ASSIGNMENT
Pick every line out of the entries below that holds the string "noteq", and report them.

Extracted records
╭──
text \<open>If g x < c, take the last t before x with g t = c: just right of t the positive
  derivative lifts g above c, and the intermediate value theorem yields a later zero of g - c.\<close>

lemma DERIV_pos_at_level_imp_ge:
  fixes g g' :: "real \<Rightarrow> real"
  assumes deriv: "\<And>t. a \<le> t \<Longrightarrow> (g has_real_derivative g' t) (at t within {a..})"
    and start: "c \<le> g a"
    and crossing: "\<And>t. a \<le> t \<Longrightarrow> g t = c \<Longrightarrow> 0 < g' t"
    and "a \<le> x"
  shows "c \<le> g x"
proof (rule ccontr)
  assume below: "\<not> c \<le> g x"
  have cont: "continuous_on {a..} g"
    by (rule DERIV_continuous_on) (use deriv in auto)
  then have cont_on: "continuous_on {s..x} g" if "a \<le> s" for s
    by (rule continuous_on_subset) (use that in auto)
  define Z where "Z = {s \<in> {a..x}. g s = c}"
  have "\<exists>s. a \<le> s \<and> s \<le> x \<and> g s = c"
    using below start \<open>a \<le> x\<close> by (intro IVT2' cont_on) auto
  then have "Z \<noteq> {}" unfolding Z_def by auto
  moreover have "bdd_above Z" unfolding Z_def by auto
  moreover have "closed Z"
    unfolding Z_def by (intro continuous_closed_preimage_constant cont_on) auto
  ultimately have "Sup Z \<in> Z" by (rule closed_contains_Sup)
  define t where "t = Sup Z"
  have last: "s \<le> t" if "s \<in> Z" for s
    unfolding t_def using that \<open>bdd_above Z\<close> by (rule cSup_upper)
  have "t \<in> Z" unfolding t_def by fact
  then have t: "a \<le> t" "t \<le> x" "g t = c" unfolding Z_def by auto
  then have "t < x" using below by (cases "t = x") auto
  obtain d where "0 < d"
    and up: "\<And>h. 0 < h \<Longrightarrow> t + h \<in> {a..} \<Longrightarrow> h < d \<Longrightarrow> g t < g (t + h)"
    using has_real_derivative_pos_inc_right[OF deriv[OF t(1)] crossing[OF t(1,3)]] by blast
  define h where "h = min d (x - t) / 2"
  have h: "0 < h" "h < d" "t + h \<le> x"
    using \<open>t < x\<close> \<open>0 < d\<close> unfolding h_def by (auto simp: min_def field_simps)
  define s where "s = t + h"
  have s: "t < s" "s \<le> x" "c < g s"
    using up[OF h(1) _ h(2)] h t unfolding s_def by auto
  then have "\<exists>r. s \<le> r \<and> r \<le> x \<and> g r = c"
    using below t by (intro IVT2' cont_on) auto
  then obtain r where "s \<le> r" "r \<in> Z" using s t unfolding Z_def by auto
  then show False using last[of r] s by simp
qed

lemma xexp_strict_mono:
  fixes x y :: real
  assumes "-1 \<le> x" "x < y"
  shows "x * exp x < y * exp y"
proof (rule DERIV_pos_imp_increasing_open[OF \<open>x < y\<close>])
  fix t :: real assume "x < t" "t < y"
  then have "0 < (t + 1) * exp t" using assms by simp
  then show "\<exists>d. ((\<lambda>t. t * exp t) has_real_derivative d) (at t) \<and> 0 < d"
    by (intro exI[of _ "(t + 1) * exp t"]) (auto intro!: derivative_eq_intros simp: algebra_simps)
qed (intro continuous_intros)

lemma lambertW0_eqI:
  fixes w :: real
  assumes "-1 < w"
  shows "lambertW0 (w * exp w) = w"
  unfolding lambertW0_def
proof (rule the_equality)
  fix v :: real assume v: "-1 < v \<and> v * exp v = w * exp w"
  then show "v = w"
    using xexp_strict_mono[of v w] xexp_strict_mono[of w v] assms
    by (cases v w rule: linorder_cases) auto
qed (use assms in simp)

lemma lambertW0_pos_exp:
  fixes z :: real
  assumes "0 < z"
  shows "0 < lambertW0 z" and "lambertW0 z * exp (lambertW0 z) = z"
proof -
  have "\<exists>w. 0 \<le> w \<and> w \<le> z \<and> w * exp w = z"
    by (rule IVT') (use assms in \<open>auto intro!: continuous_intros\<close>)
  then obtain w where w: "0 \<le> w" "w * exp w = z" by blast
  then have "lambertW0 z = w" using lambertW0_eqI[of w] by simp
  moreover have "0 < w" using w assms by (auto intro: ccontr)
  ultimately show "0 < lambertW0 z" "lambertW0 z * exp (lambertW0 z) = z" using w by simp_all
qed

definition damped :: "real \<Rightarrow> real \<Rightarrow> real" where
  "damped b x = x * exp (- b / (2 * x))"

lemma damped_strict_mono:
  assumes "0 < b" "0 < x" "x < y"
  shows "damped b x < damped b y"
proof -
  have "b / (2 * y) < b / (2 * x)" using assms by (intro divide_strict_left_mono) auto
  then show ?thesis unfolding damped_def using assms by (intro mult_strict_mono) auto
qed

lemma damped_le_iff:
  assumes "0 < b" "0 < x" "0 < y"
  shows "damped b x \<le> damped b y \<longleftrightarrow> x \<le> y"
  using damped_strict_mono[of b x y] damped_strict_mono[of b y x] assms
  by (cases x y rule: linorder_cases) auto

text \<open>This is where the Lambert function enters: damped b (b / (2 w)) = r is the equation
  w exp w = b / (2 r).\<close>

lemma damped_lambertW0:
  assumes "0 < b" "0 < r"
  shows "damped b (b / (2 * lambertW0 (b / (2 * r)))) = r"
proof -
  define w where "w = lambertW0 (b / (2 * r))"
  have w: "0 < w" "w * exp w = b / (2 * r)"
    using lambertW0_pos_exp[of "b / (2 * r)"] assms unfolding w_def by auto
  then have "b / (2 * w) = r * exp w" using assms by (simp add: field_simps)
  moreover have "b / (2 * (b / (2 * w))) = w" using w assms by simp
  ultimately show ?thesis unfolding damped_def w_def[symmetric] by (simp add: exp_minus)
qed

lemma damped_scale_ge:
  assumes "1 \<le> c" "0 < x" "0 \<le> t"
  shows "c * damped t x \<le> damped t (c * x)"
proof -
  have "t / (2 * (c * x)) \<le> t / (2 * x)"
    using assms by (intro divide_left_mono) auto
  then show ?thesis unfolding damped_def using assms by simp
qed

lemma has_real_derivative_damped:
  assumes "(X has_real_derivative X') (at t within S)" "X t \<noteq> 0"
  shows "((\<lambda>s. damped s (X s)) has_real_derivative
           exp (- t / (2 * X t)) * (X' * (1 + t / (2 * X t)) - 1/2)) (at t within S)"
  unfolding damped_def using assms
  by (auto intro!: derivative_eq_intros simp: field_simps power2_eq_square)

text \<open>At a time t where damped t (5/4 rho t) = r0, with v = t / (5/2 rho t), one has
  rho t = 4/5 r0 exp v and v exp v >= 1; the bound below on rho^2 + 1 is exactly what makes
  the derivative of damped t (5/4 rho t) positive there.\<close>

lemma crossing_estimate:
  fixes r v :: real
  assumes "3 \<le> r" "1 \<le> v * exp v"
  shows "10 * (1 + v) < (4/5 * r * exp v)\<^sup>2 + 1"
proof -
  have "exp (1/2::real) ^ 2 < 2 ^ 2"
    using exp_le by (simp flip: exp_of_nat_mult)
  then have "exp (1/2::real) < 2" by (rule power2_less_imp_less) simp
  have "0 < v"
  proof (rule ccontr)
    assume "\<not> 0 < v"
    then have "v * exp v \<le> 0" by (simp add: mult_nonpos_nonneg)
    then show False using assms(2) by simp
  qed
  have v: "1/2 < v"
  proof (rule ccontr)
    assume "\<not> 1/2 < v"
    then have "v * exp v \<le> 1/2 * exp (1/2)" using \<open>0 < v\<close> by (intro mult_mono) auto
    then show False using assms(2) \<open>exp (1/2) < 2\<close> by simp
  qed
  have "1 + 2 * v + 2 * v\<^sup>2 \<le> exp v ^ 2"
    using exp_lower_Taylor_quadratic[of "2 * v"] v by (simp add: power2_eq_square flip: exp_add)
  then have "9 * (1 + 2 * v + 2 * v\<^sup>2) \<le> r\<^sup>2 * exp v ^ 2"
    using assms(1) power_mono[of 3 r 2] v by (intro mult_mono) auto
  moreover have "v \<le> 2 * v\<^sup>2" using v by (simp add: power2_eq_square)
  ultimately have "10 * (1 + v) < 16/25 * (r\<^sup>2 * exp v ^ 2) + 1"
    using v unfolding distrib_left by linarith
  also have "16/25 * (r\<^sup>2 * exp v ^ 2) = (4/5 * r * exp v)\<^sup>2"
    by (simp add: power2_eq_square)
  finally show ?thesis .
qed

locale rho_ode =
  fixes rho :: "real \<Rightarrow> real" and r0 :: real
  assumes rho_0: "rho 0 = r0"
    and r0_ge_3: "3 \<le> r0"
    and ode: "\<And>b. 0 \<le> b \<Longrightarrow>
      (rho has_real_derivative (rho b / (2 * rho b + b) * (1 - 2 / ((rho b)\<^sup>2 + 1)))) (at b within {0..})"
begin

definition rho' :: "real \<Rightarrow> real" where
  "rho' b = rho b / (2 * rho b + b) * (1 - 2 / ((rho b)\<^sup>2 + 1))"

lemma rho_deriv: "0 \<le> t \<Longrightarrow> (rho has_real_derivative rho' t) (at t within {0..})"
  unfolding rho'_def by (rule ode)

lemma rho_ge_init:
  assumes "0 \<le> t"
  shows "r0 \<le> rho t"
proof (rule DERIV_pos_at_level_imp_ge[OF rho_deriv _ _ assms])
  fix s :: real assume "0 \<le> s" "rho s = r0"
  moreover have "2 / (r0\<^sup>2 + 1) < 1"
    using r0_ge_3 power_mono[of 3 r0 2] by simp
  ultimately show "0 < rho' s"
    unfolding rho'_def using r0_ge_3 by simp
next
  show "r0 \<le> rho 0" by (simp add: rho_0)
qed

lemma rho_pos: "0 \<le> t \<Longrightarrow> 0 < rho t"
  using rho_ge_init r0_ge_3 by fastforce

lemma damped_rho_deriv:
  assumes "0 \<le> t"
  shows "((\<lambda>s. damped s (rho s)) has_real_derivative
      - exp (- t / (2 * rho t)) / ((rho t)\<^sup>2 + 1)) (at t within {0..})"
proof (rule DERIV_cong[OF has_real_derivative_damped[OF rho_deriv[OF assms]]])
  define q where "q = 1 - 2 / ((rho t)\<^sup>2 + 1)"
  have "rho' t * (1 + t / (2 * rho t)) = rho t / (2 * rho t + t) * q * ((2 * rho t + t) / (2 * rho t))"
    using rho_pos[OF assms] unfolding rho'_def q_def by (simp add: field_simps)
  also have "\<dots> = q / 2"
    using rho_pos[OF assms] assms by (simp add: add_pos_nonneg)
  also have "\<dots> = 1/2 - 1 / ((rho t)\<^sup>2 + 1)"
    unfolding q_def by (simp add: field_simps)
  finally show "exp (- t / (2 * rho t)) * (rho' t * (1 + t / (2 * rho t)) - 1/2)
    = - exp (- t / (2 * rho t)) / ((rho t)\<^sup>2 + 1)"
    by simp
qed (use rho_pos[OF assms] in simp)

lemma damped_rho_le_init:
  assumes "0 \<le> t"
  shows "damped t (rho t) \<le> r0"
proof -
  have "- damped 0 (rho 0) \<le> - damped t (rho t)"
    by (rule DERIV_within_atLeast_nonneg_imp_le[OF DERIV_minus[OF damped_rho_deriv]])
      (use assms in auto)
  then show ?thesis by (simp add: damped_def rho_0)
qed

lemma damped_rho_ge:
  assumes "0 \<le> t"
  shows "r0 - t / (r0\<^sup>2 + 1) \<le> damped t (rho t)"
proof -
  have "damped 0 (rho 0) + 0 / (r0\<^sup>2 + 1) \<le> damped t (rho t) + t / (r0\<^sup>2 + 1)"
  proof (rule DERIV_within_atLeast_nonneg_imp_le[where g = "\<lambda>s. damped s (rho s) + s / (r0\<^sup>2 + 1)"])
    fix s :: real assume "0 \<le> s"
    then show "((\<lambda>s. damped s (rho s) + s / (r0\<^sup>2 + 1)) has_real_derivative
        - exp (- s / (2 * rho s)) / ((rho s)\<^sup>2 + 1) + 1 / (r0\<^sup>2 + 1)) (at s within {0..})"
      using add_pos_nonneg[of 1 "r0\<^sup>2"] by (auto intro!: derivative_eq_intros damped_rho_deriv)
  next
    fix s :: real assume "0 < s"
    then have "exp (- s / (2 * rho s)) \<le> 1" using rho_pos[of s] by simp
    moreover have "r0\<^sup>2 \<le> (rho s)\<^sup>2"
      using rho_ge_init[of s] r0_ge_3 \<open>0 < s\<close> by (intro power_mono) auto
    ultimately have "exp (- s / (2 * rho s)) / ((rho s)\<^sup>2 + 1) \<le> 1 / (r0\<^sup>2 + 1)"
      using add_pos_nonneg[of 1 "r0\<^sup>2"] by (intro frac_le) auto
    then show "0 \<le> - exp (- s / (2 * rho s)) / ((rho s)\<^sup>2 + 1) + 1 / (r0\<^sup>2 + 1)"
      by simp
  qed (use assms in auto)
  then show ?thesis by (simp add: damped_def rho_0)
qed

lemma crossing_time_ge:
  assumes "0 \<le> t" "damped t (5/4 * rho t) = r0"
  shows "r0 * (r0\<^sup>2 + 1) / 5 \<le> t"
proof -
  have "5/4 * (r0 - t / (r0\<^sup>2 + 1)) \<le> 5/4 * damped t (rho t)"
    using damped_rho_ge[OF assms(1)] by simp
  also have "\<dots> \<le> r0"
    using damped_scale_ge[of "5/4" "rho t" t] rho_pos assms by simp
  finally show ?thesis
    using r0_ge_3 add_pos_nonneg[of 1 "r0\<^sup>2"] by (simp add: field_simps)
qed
╰──
OUTPUT
  then have "Z \<noteq> {}" unfolding Z_def by auto
  assumes "(X has_real_derivative X') (at t within S)" "X t \<noteq> 0"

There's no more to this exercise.